## Exercise
The reply to the records below should contain exactly the lines from the line with "2/3 * (1/3) ^ N" through the line with "with x have", and nothing besides.

## Saved data entries
----------------
lemma finite_budget_sums: "finite (budget_sums v B n i)"
proof -
  let ?X = "v ` {..<n}"
  let ?g = "\<lambda>(p, m). sbud (v(i := SOME u. cuts ?X u = p)) B n m"
  have "budget_sums v B n i \<subseteq> ?g ` (range (cuts ?X) \<times> {..n})"
  proof
    fix t assume "t \<in> budget_sums v B n i"
    then obtain u m where t: "t = sbud (v(i := u)) B n m" "m \<le> n"
      by (auto simp: budget_sums_def)
    then have "t = ?g (cuts ?X u, m)"
      using sbud_fun_upd_cuts_eq[OF cuts_some_eq[symmetric, of ?X u]] by simp
    then show "t \<in> ?g ` (range (cuts ?X) \<times> {..n})" using t(2) by blast
  qed
  moreover have "finite (?g ` (range (cuts ?X) \<times> {..n}))"
    by (intro finite_imageI finite_cartesian_product finite_range_cuts) simp_all
  ultimately show ?thesis by (rule finite_subset)
qed

definition alloc_params :: "(nat \<Rightarrow> real) \<Rightarrow> (nat \<Rightarrow> real) \<Rightarrow> nat \<Rightarrow> nat \<Rightarrow> real \<Rightarrow> nat \<times> real \<times> nat \<times> nat" where
  "alloc_params v B n i u = (let v' = v(i := u); k = kstar v' B n in
     (k, sbud v' B n k, rank v' n i, agent v' n (k + 1)))"

text \<open>The allocation of \<open>i\<close> at own value \<open>u\<close>, as a function of \<open>u\<close> once the discrete parameters are
  fixed; \<open>u\<close> enters directly only when \<open>i\<close> is herself the agent of rank \<open>k + 1\<close>.\<close>
definition alloc_formula ::
    "(nat \<Rightarrow> real) \<Rightarrow> (nat \<Rightarrow> real) \<Rightarrow> nat \<Rightarrow> nat \<Rightarrow> nat \<times> real \<times> nat \<times> nat \<Rightarrow> real \<Rightarrow> real" where
  "alloc_formula v B n i q u = (case q of (k, S, r, a) \<Rightarrow>
     (let w = (if k + 1 \<le> n then (if a = i then u else v a) else 0) in
      if S > w then (if r \<le> k then B i / S else 0)
      else if r \<le> k then B i / w else if r = k + 1 then 1 - S / w else 0))"
lemma maxints_disjoint:
  "U \<in> maxints f \<Longrightarrow> V \<in> maxints f \<Longrightarrow> U \<inter> V \<noteq> {} \<Longrightarrow> U = V"
  using maxints_absorb maxintsD(2,3) by (metis inf_commute subset_antisym)

text \<open>The maximal interval through \<open>x\<close> is the connected component of \<open>x\<close> in its level set.\<close>
lemma ex_maxints_mem:
  fixes f :: "real \<Rightarrow> real"
  shows "\<exists>U\<in>maxints f. x \<in> U"
proof -
  define M where "M = connected_component_set {y. thr f y = thr f x} x"
  have xM: "x \<in> M" unfolding M_def by simp
  have "M \<subseteq> {y. thr f y = thr f x}" unfolding M_def by (rule connected_component_subset)
  then have const: "const_on f M" unfolding const_on_def by blast
  have maximal: "V = M" if "is_interval V" "const_on f V" "M \<subseteq> V" for V
  proof
    have "x \<in> V" using xM that(3) by blast
    then have "V \<subseteq> {y. thr f y = thr f x}" using that(2) unfolding const_on_def by blast
    then show "V \<subseteq> M"
      unfolding M_def using \<open>x \<in> V\<close> that(1)
      by (intro connected_component_maximal) (auto simp: is_interval_connected_1)
  qed (use that in blast)
  have "is_interval M" unfolding M_def is_interval_connected_1 by simp
  then have "M \<in> maxints f" unfolding maxints_def using xM const maximal by blast
  then show ?thesis using xM by blast
qed

lemma good_partition_maxints: "good_partition f (maxints f)"
  unfolding good_partition_def
  using ex_maxints_mem[of f] maxintsD(1,2,3) maxints_disjoint by blast

lemma card_maxints_le:
  assumes "finite P" and P: "good_partition f P"
  shows "finite (maxints f)" "card (maxints f) \<le> card P"
proof -
  have "\<exists>C\<in>P. C \<noteq> {} \<and> C \<subseteq> U" if U: "U \<in> maxints f" for U
  proof -
    obtain x where "x \<in> U" using maxintsD(1)[OF U] by blast
    moreover obtain C where C: "C \<in> P" "x \<in> C"
      using P unfolding good_partition_def by (metis UNIV_I Union_iff)
    moreover have "is_interval C" "const_on f C" using P C(1) unfolding good_partition_def by auto
    ultimately have "C \<subseteq> U" using maxints_absorb[OF U] by blast
    then show ?thesis using C by blast
  qed
  then obtain cell where cell: "\<And>U. U \<in> maxints f \<Longrightarrow> cell U \<in> P \<and> cell U \<noteq> {} \<and> cell U \<subseteq> U"
    by metis
  have "inj_on cell (maxints f)"
  proof (rule inj_onI)
    fix U V assume UV: "U \<in> maxints f" "V \<in> maxints f" "cell U = cell V"
    then have "U \<inter> V \<noteq> {}" using cell[OF UV(1)] cell[OF UV(2)] by blast
    then show "U = V" using maxints_disjoint UV(1,2) by blast
  qed
  moreover have "cell ` maxints f \<subseteq> P" using cell by blast
  ultimately show "finite (maxints f)" "card (maxints f) \<le> card P"
    using \<open>finite P\<close> by (auto intro: inj_on_finite card_inj_on_le)
qed

lemma Cr_attained:
  assumes "Cr h \<noteq> \<infinity>"
  obtains P where "finite P" "good_partition h P" "Cr h = enat (card P)"
proof -
  let ?A = "{enat (card P) | P. finite P \<and> good_partition h P}"
  have "?A \<noteq> {}"
  proof
    assume "?A = {}"
    then have "Cr h = \<infinity>" unfolding Cr_def by (metis Inf_empty top_enat_def)
    then show False using assms by simp
  qed
  then obtain k where "k \<in> ?A" by blast
  then have "Cr h \<in> ?A" unfolding Cr_def by (rule wellorder_InfI)
  then show ?thesis using that by blast
qed

lemma Cr_eq_card_maxints:
  assumes "Cr f \<noteq> \<infinity>"
  shows "finite (maxints f)" "Cr f = enat (card (maxints f))"
proof -
  obtain P where P: "finite P" "good_partition f P" "Cr f = enat (card P)"
    using Cr_attained[OF assms] by blast
  show fin: "finite (maxints f)" using card_maxints_le[OF P(1,2)] by blast
  have "Cr f \<le> enat (card (maxints f))"
    unfolding Cr_def by (rule Inf_lower) (use fin good_partition_maxints in blast)
  then have "card P \<le> card (maxints f)" using P(3) by simp
  then show "Cr f = enat (card (maxints f))"
    using card_maxints_le(2)[OF P(1,2)] P(3) by simp
qed
lemma card_long_tail_diff_below_le:
  "real (card ((long_tail - long_tail_below N) \<inter> {..<M})) \<le> 2/3 * (1/3) ^ N * M"
proof -
  have "(long_tail - long_tail_below N) \<inter> {..<M} \<subseteq> (\<Union>n\<in>{N..<M}. mid_set n \<inter> {..<M})"
  proof
    fix x assume x: "x \<in> (long_tail - long_tail_below N) \<inter> {..<M}"
    then obtain n where n: "x \<in> mid_set n" unfolding long_tail_def by blast
    with x have "N \<le> n" unfolding long_tail_below_def by (meson UN_I lessThan_iff not_le DiffD2 IntD1)
    moreover have "n < M" using less_of_mem_mid_set[OF n] x by simp
    ultimately show "x \<in> (\<Union>n\<in>{N..<M}. mid_set n \<inter> {..<M})" using n x by auto
  qed
  then have "card ((long_tail - long_tail_below N) \<inter> {..<M}) \<le> card (\<Union>n\<in>{N..<M}. mid_set n \<inter> {..<M})"
    by (rule card_mono[rotated]) simp
  also have "\<dots> \<le> (\<Sum>n\<in>{N..<M}. card (mid_set n \<inter> {..<M}))"
    by (rule card_UN_le) simp
  finally have "real (card ((long_tail - long_tail_below N) \<inter> {..<M}))
      \<le> (\<Sum>n\<in>{N..<M}. real (card (mid_set n \<inter> {..<M})))"
    by (metis of_nat_mono of_nat_sum)
  also have "\<dots> \<le> (\<Sum>n\<in>{N..<M}. 4 * (1/3) ^ (n + 2) * M)"
    by (rule sum_mono) (rule card_mid_set_le)
  also have "\<dots> = 4/9 * M * (\<Sum>n\<in>{N..<M}. (1/3::real) ^ n)"
    by (simp add: sum_distrib_left power_add mult_ac)
  also have "\<dots> \<le> 4/9 * M * (3/2 * (1/3) ^ N)"
    by (intro mult_left_mono sum_third_powers_le) simp
  finally show ?thesis by (simp add: mult_ac)
qed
----------------
## Expected answer
  "real (card ((long_tail - long_tail_below N) \<inter> {..<M})) \<le> 2/3 * (1/3) ^ N * M"
proof -
  have "(long_tail - long_tail_below N) \<inter> {..<M} \<subseteq> (\<Union>n\<in>{N..<M}. mid_set n \<inter> {..<M})"
  proof
    fix x assume x: "x \<in> (long_tail - long_tail_below N) \<inter> {..<M}"
    then obtain n where n: "x \<in> mid_set n" unfolding long_tail_def by blast
    with x have "N \<le> n" unfolding long_tail_below_def by (meson UN_I lessThan_iff not_le DiffD2 IntD1)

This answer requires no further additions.